Regex Generator (BYO Key)

Describe what you want to match — get the regex

Describe your matching requirement in plain English, add optional test strings, pick a regex flavour, and the tool prompts your own OpenAI or Anthropic key to return a pattern with a part-by-part explanation and test validation. Client-side; your key stays in your browser. It runs free in your browser on Gera Tools, with nothing uploaded.

Last updated Source: Gera Tools

Why does flavour matter?

Regex syntax differs between engines — lookbehind support, named groups, and Unicode handling all vary. Go's RE2 engine in particular forbids backreferences and lookaround. Selecting the right flavour stops the model from giving you a pattern your engine cannot compile.

Regular expressions are powerful and unforgiving — one stray quantifier and the whole pattern misbehaves. Instead of fighting the syntax, describe what you want to match in plain English and let your own OpenAI or Anthropic key build the pattern, explain it, and check it against your test strings, all in your browser.

How it works

Pick a provider and model, paste your API key, and choose the regex flavour your engine uses. Describe the match requirement in plain language, then optionally paste test strings one per line. The tool builds a prompt that asks for the simplest correct pattern, a part-by-part breakdown of what each piece does, and an explicit match-or-not verdict for every test string you supplied. It sends one direct request to the provider and returns the full result to copy.

For Anthropic, the request includes the official direct-browser-access header so it works straight from the page.

Why flavour matters — and the differences you need to know

The same pattern can behave differently or fail to compile entirely depending on which engine runs it. The key distinctions:

JavaScript: Uses the RegExp object. Named capture groups supported ((?<name>...)). Lookbehind added in ES2018 (not available in all older environments). No possessive quantifiers. The g flag changes how exec iterates, which trips up many developers.

Python (re module): Supports lookahead and lookbehind. Named groups with (?P<name>...) syntax (different from other engines). re.compile() + re.fullmatch() is the idiomatic pattern for whole-string matching.

PCRE (PHP, Nginx, many tools): Full-featured — possessive quantifiers, atomic groups, conditional patterns.
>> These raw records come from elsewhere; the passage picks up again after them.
text \<open>An s-continuous information algebra with a top domain is a dcpo in which every element
  is the supremum of the basis elements way below it. Continuous maps are ordered pointwise,
  directed suprema of them are computed pointwise, and the algebra laws hold pointwise.
  For s-continuity the whole function space can serve as basis, so only the approximation
  property needs work: the focus of f to (x, y) is the supremum of the step functions that
  send p to b when a is way below the x-focus of p, and to the neutral element otherwise.
  Here b is a y-focused basis element and a an x-focused basis element with b way below f a;
  such a step function is fixed by the focusing and, directed suprema being pointwise, way
  below f. By interpolation and continuity of f, every y-focused basis element way below
  f at the x-focus of p is the value at p of one of these step functions.\<close>

lemma ia_directed_image:
  assumes "ia_directed Phi cP X" and "g ` X \<subseteq> Psi"
    and "\<And>a b. a \<in> X \<Longrightarrow> b \<in> X \<Longrightarrow> ia_le cP a b \<Longrightarrow> ia_le cQ (g a) (g b)"
  shows "ia_directed Psi cQ (g ` X)"
  unfolding ia_directed_def
proof (intro conjI ballI)
  show "g ` X \<subseteq> Psi" and "g ` X \<noteq> {}"
    using assms(1,2) unfolding ia_directed_def by auto
next
  fix u v assume "u \<in> g ` X" "v \<in> g ` X"
  then obtain a b where "a \<in> X" "b \<in> X" "u = g a" "v = g b" by blast
  moreover obtain c where "c \<in> X" "ia_le cP a c" "ia_le cP b c"
    using assms(1) calculation unfolding ia_directed_def by blast
  ultimately show "\<exists>w\<in>g ` X. ia_le cQ u w \<and> ia_le cQ v w"
    using assms(3) by blast
qed

locale info_algebra =
  fixes Phi :: "'a set" and cmb :: "'a \<Rightarrow> 'a \<Rightarrow> 'a" and e :: 'a
    and foc :: "'a \<Rightarrow> 'd::lattice \<Rightarrow> 'a"
  assumes info_alg: "info_alg Phi cmb e foc"
begin

abbreviation le where "le \<equiv> ia_le cmb"
abbreviation is_sup where "is_sup \<equiv> ia_is_sup Phi cmb"
abbreviation directed where "directed \<equiv> ia_directed Phi cmb"
abbreviation way_below where "way_below \<equiv> ia_way_below Phi cmb"

lemma cmb_closed: "a \<in> Phi \<Longrightarrow> b \<in> Phi \<Longrightarrow> cmb a b \<in> Phi"
  using info_alg unfolding info_alg_def by blast

lemma e_closed: "e \<in> Phi"
  using info_alg unfolding info_alg_def by blast

lemma foc_closed: "a \<in> Phi \<Longrightarrow> foc a x \<in> Phi"
  using info_alg unfolding info_alg_def by blast

lemma cmb_assoc: "a \<in> Phi \<Longrightarrow> b \<in> Phi \<Longrightarrow> c \<in> Phi \<Longrightarrow> cmb (cmb a b) c = cmb a (cmb b c)"
  using info_alg unfolding info_alg_def by blast

lemma cmb_commute: "a \<in> Phi \<Longrightarrow> b \<in> Phi \<Longrightarrow> cmb a b = cmb b a"
  using info_alg unfolding info_alg_def by blast

lemma cmb_e: "a \<in> Phi \<Longrightarrow> cmb a e = a"
  using info_alg unfolding info_alg_def by blast

lemma foc_foc: "a \<in> Phi \<Longrightarrow> foc (foc a y) x = foc a (inf x y)"
  using info_alg unfolding info_alg_def by blast

lemma foc_cmb_foc: "a \<in> Phi \<Longrightarrow> b \<in> Phi \<Longrightarrow> foc (cmb (foc a x) b) x = cmb (foc a x) (foc b x)"
  using info_alg unfolding info_alg_def by blast

lemma foc_support: "a \<in> Phi \<Longrightarrow> \<exists>x. foc a x = a"
  using info_alg unfolding info_alg_def by blast

lemma cmb_foc_absorb: "a \<in> Phi \<Longrightarrow> cmb a (foc a x) = a"
  using info_alg unfolding info_alg_def by blast

lemma e_cmb: "a \<in> Phi \<Longrightarrow> cmb e a = a"
  using cmb_e cmb_commute e_closed by metis

lemma cmb_idem: "a \<in> Phi \<Longrightarrow> cmb a a = a"
  using foc_support cmb_foc_absorb by metis

lemma foc_idem: "a \<in> Phi \<Longrightarrow> foc (foc a x) x = foc a x"
  by (simp add: foc_foc)

lemma foc_e: "foc e x = e"
  using cmb_foc_absorb[OF e_closed] e_cmb foc_closed e_closed by metis

lemma foc_cmb_fixed: "a \<in> Phi \<Longrightarrow> b \<in> Phi \<Longrightarrow> foc a x = a \<Longrightarrow> foc b x = b \<Longrightarrow> foc (cmb a b) x = cmb a b"
  using foc_cmb_foc by metis

lemma le_refl: "a \<in> Phi \<Longrightarrow> le a a"
  by (simp add: ia_le_def cmb_idem)

lemma le_trans: "a \<in> Phi \<Longrightarrow> b \<in> Phi \<Longrightarrow> c \<in> Phi \<Longrightarrow> le a b \<Longrightarrow> le b c \<Longrightarrow> le a c"
  unfolding ia_le_def by (metis cmb_assoc)

lemma le_antisym: "a \<in> Phi \<Longrightarrow> b \<in> Phi \<Longrightarrow> le a b \<Longrightarrow> le b a \<Longrightarrow> a = b"
  unfolding ia_le_def by (metis cmb_commute)

lemma e_le: "a \<in> Phi \<Longrightarrow> le e a"
  by (simp add: ia_le_def e_cmb)

lemma le_cmb_left: "a \<in> Phi \<Longrightarrow> b \<in> Phi \<Longrightarrow> le a (cmb a b)"
  unfolding ia_le_def by (metis cmb_assoc cmb_idem)

lemma le_cmb_right: "a \<in> Phi \<Longrightarrow> b \<in> Phi \<Longrightarrow> le b (cmb a b)"
  using le_cmb_left cmb_commute by metis

lemma cmb_le: "a \<in> Phi \<Longrightarrow> b \<in> Phi \<Longrightarrow> c \<in> Phi \<Longrightarrow> le a c \<Longrightarrow> le b c \<Longrightarrow> le (cmb a b) c"
  unfolding ia_le_def by (metis cmb_assoc)

lemma cmb_absorb_le: "a \<in> Phi \<Longrightarrow> b \<in> Phi \<Longrightarrow> le b a \<Longrightarrow> cmb a b = a"
  unfolding ia_le_def by (metis cmb_commute)

lemma cmb_mono:
  assumes "a \<in> Phi" "a' \<in> Phi" "b \<in> Phi" "b' \<in> Phi" "le a a'" "le b b'"
  shows "le (cmb a b) (cmb a' b')"
proof (rule cmb_le)
  show "le a (cmb a' b')"
    using assms le_trans[OF _ _ _ _ le_cmb_left] cmb_closed by blast
  show "le b (cmb a' b')"
    using assms le_trans[OF _ _ _ _ le_cmb_right] cmb_closed by blast
qed (use assms cmb_closed in auto)

lemma foc_le: "a \<in> Phi \<Longrightarrow> le (foc a x) a"
  unfolding ia_le_def by (metis cmb_commute cmb_foc_absorb foc_closed)

lemma foc_mono:
  assumes "a \<in> Phi" "b \<in> Phi" "le a b"
  shows "le (foc a x) (foc b x)"
proof -
  have "cmb (foc a x) b = b"
    using assms unfolding ia_le_def by (metis cmb_assoc cmb_commute cmb_foc_absorb foc_closed)
  then have "foc b x = cmb (foc a x) (foc b x)"
    using foc_cmb_foc[of a b x] assms by metis
  then show ?thesis
    using assms unfolding ia_le_def by metis
qed

lemma is_sup_closed: "is_sup X s \<Longrightarrow> s \<in> Phi"
  unfolding ia_is_sup_def by blast

lemma is_sup_upper: "is_sup X s \<Longrightarrow> a \<in> X \<Longrightarrow> le a s"
  unfolding ia_is_sup_def by blast

lemma is_sup_least: "is_sup X s \<Longrightarrow> u \<in> Phi \<Longrightarrow> (\<And>a. a \<in> X \<Longrightarrow> le a u) \<Longrightarrow> le s u"
  unfolding ia_is_sup_def by blast

lemma is_sup_unique: "is_sup X s \<Longrightarrow> is_sup X t \<Longrightarrow> s = t"
  unfolding ia_is_sup_def using le_antisym by blast

lemma is_sup_greatest_element: "m \<in> X \<Longrightarrow> m \<in> Phi \<Longrightarrow> (\<And>a. a \<in> X \<Longrightarrow> le a m) \<Longrightarrow> is_sup X m"
  unfolding ia_is_sup_def by blast

lemma is_sup_singleton: "a \<in> Phi \<Longrightarrow> is_sup {a} a"
  by (rule is_sup_greatest_element) (auto simp: le_refl)

lemma directed_subset: "directed X \<Longrightarrow> X \<subseteq> Phi"
  unfolding ia_directed_def by blast

lemma directed_nonempty: "directed X \<Longrightarrow> X \<noteq> {}"
  unfolding ia_directed_def by blast

lemma directed_le_pair: "a \<in> Phi \<Longrightarrow> b \<in> Phi \<Longrightarrow> le a b \<Longrightarrow> directed {a, b}"
  unfolding ia_directed_def using le_refl by auto
text \<open>
  For \<open>t \<ge> 0\<close> we have \<open>|\<mu> t| \<le> \<rho> t\<close>, so \<open>\<psi> t = arccos (\<mu> t / \<rho> t)\<close> is defined; it
  increases from \<open>0\<close> to \<open>\<pi>\<close> on [0,1] and equals \<open>\<pi>/2\<close> exactly at \<open>mu0\<close>. The recursion
  for the g_k is the Chebyshev recursion in disguise:
  \<open>\<mu> g_(2k+1) = \<rho>^(2k+1) cos ((2k+1) \<psi>)\<close> and \<open>g_(2k+2) = \<rho>^(2k+2) cos ((2k+2) \<psi>)\<close>.
  Hence the zeros of g_n in [0,1] are the points where \<open>\<psi>\<close> takes the values
  \<open>(2i-1) \<pi> / (2n)\<close>, with \<open>\<pi>/2\<close> omitted for odd n, and interlacing reduces to comparing
  these fractions. The zeros are simple because there are enough of them: every g_n is
  palindromic, so each zero t in (0,1) comes with the zero 1/t, and together these
  account for the whole degree of \<open>g_n g_(n+1)\<close>.
\<close>

abbreviation rho :: "real \<Rightarrow> real" where "rho \<equiv> poly rho_poly"

abbreviation mu :: "real \<Rightarrow> real" where "mu \<equiv> poly mu_poly"

lemma rho_eq: "rho t = 1 - t + t^2"
  by (simp add: rho_poly_def power2_eq_square algebra_simps)

lemma mu_eq: "mu t = 1 - 3*t + t^2"
  by (simp add: mu_poly_def power2_eq_square algebra_simps)

lemma rho_pos: "rho t > 0"
proof -
  have "rho t = (t - 1/2)^2 + 3/4" by (simp add: rho_eq power2_eq_square algebra_simps)
  thus ?thesis by (metis add_pos_nonneg zero_le_power2 zero_less_divide_iff zero_less_numeral add.commute)
qed

lemma mu_div_rho_bounds:
  assumes "t \<ge> 0"
  shows "-1 \<le> mu t / rho t" "mu t / rho t \<le> 1"
proof -
  have "rho t - mu t = 2*t" "rho t + mu t = 2*(1-t)^2"
    by (simp_all add: mu_eq rho_eq power2_eq_square algebra_simps)
  moreover have "0 \<le> 2*(1-t)^2" by simp
  ultimately have "- rho t \<le> mu t" "mu t \<le> rho t" using assms by linarith+
  then show "-1 \<le> mu t / rho t" "mu t / rho t \<le> 1"
    using rho_pos[of t] by (simp_all add: field_simps)
qed

lemma mu0_bounds: "0 < mu0" "mu0 < 1"
proof -
  have "2 < sqrt 5" "sqrt 5 < 3"
    by (simp_all add: real_less_rsqrt real_sqrt_less_iff[of 5 9, simplified])
  then show "0 < mu0" "mu0 < 1" by (simp_all add: mu0_def)
qed

lemma mu_eq_0_iff:
  assumes "t \<le> 1"
  shows "mu t = 0 \<longleftrightarrow> t = mu0"
proof -
  have s5: "sqrt 5 * sqrt 5 = 5" by simp
  have "mu t = (t - mu0) * (t - (3 + sqrt 5)/2)"
    by (simp add: mu_eq mu0_def power2_eq_square field_simps s5)
  moreover have "0 \<le> sqrt 5" by simp
  then have "t < (3 + sqrt 5)/2" using assms by argo
  ultimately show ?thesis by simp
qed
(* Let $G$ be a graph with girth at least $15$ and minimum degree $\delta(G)\ge 2$. Then $G\notin\mathcal U$.
   Context: All graphs are finite and simple. A set $P\subseteq V(G)$ is an open packing if no two distinct vertices of $P$ have a common neighbor; it is maximal if maximal under inclusion among open packings. $\rho^o(G)$ is the maximum size of an open packing and $\rho^o_L(G)$ the minimum size of a maximal open packing; $\mathcal U$ is the class of graphs with $\rho^o_L(G)=\rho^o(G)$. The girth is the length of a shortest cycle ($\infty$ if acyclic). *)

theory Defs
  imports Main
begin

definition finite_simple_graph :: "'a set \<Rightarrow> ('a \<Rightarrow> 'a \<Rightarrow> bool) \<Rightarrow> bool" where
  "finite_simple_graph V E \<longleftrightarrow> finite V \<and> V \<noteq> {} \<and>
     (\<forall>u v. E u v \<longrightarrow> u \<in> V \<and> v \<in> V) \<and>
     (\<forall>u v. E u v \<longrightarrow> E v u) \<and> (\<forall>v. \<not> E v v)"

definition nbhd :: "'a set \<Rightarrow> ('a \<Rightarrow> 'a \<Rightarrow> bool) \<Rightarrow> 'a \<Rightarrow> 'a set" where
  "nbhd V E v = {u \<in> V. E v u}"

definition min_degree :: "'a set \<Rightarrow> ('a \<Rightarrow> 'a \<Rightarrow> bool) \<Rightarrow> nat" where
  "min_degree V E = Min ((\<lambda>v. card (nbhd V E v)) ` V)"

definition is_cycle :: "'a set \<Rightarrow> ('a \<Rightarrow> 'a \<Rightarrow> bool) \<Rightarrow> 'a list \<Rightarrow> bool" where
  "is_cycle V E cs \<longleftrightarrow> length cs \<ge> 3 \<and> distinct cs \<and> set cs \<subseteq> V \<and>
     (\<forall>i < length cs. E (cs ! i) (cs ! ((i + 1) mod length cs)))"

text \<open>Girth at least g (girth is infinite for acyclic graphs): no cycle of length < g.\<close>
definition girth_at_least :: "'a set \<Rightarrow> ('a \<Rightarrow> 'a \<Rightarrow> bool) \<Rightarrow> nat \<Rightarrow> bool" where
  "girth_at_least V E g \<longleftrightarrow> (\<forall>cs. is_cycle V E cs \<longrightarrow> length cs \<ge> g)"

definition open_packing :: "'a set \<Rightarrow> ('a \<Rightarrow> 'a \<Rightarrow> bool) \<Rightarrow> 'a set \<Rightarrow> bool" where
  "open_packing V E P \<longleftrightarrow> P \<subseteq> V \<and>
     (\<forall>u\<in>P. \<forall>v\<in>P. u \<noteq> v \<longrightarrow> \<not> (\<exists>w\<in>V. E u w \<and> E v w))"

definition maximal_open_packing :: "'a set \<Rightarrow> ('a \<Rightarrow> 'a \<Rightarrow> bool) \<Rightarrow> 'a set \<Rightarrow> bool" where
  "maximal_open_packing V E P \<longleftrightarrow> open_packing V E P \<and>
     (\<forall>Q. open_packing V E Q \<and> P \<subseteq> Q \<longrightarrow> Q = P)"

definition open_packing_number :: "'a set \<Rightarrow> ('a \<Rightarrow> 'a \<Rightarrow> bool) \<Rightarrow> nat" where
  "open_packing_number V E = Max (card ` {P. open_packing V E P})"

definition lower_open_packing_number :: "'a set \<Rightarrow> ('a \<Rightarrow> 'a \<Rightarrow> bool) \<Rightarrow> nat" where
  "lower_open_packing_number V E = Min (card ` {P. maximal_open_packing V E P})"
definition symmetric_seq_space :: "seq set \<Rightarrow> (seq \<Rightarrow> real) \<Rightarrow> bool" where
  "symmetric_seq_space E N \<longleftrightarrow>
     E \<subseteq> linf \<and> E \<noteq> {(\<lambda>_. 0)} \<and>
     (\<lambda>_. 0) \<in> E \<and>
     (\<forall>x\<in>E. \<forall>y\<in>E. (\<lambda>i. x i + y i) \<in> E) \<and>
     (\<forall>x\<in>E. \<forall>c::real. (\<lambda>i. c * x i) \<in> E) \<and>
     (\<forall>x\<in>E. N x \<ge> 0 \<and> (N x = 0 \<longleftrightarrow> x = (\<lambda>_. 0))) \<and>
     (\<forall>x\<in>E. \<forall>y\<in>E. N (\<lambda>i. x i + y i) \<le> N x + N y) \<and>
     (\<forall>x\<in>E. \<forall>c::real. N (\<lambda>i. c * x i) = \<bar>c\<bar> * N x) \<and>
     (\<forall>X::nat \<Rightarrow> seq. (\<forall>k. X k \<in> E) \<and>
        (\<forall>e>0. \<exists>M. \<forall>m\<ge>M. \<forall>n\<ge>M. N (\<lambda>i. X m i - X n i) < e) \<longrightarrow>
        (\<exists>x\<in>E. (\<lambda>k. N (\<lambda>i. X k i - x i)) \<longlonglongrightarrow> 0)) \<and>
     (\<forall>y\<in>E. \<forall>x\<in>linf. (\<forall>k. rearr x k \<le> rearr y k) \<longrightarrow> x \<in> E \<and> N x \<le> N y) \<and>
     N (\<lambda>n. if n = 0 then 1 else 0) = 1"

definition fully_symmetric :: "seq set \<Rightarrow> (seq \<Rightarrow> real) \<Rightarrow> bool" where
  "fully_symmetric E N \<longleftrightarrow> symmetric_seq_space E N \<and>
     (\<forall>y\<in>E. \<forall>x\<in>linf. majorized x y \<longrightarrow> x \<in> E \<and> N x \<le> N y)"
The most permissive common engine. Patterns written for PCRE may not compile elsewhere.

Java: Similar to PCRE but with Java string escaping quirks (every \ must be \\ in a string literal). Lookbehind must have fixed or bounded width.

Go (RE2): The most restrictive. No backreferences, no lookahead, no lookbehind. Designed for linear-time guarantees, which eliminates catastrophic backtracking at the cost of expressiveness. Many patterns from other engines need rethinking for RE2.

.NET: Supports balancing groups and other advanced features not found elsewhere. If you’re matching nested structures, .NET is the only standard engine that can do it natively.

Selecting the correct flavour before generating is important — the model will produce a valid pattern for the engine you chose, not a generic one that may fail to compile.

Writing a good description

Be precise about boundaries and optional parts. “A UK postcode with an optional space, case-insensitive” gives the model everything it needs; “match postcodes” leaves too much open. Mention anchoring if it matters — whether the pattern should match the whole string or just find occurrences inside it. Listing a couple of strings that should not match is often more useful than the ones that should, because it pins down the edges of the pattern.

Notes and limits

The model defaults to readable, well-anchored patterns and is told to avoid constructs that cause catastrophic backtracking, but no generator is infallible. Always run the pattern through a dedicated regex tester with your real inputs, and watch out for engine differences — a pattern that works in JavaScript may need adjusting for Go’s RE2 or for grep. Treat the explanation as a learning aid: if you understand each part, you will catch the mistakes the model misses.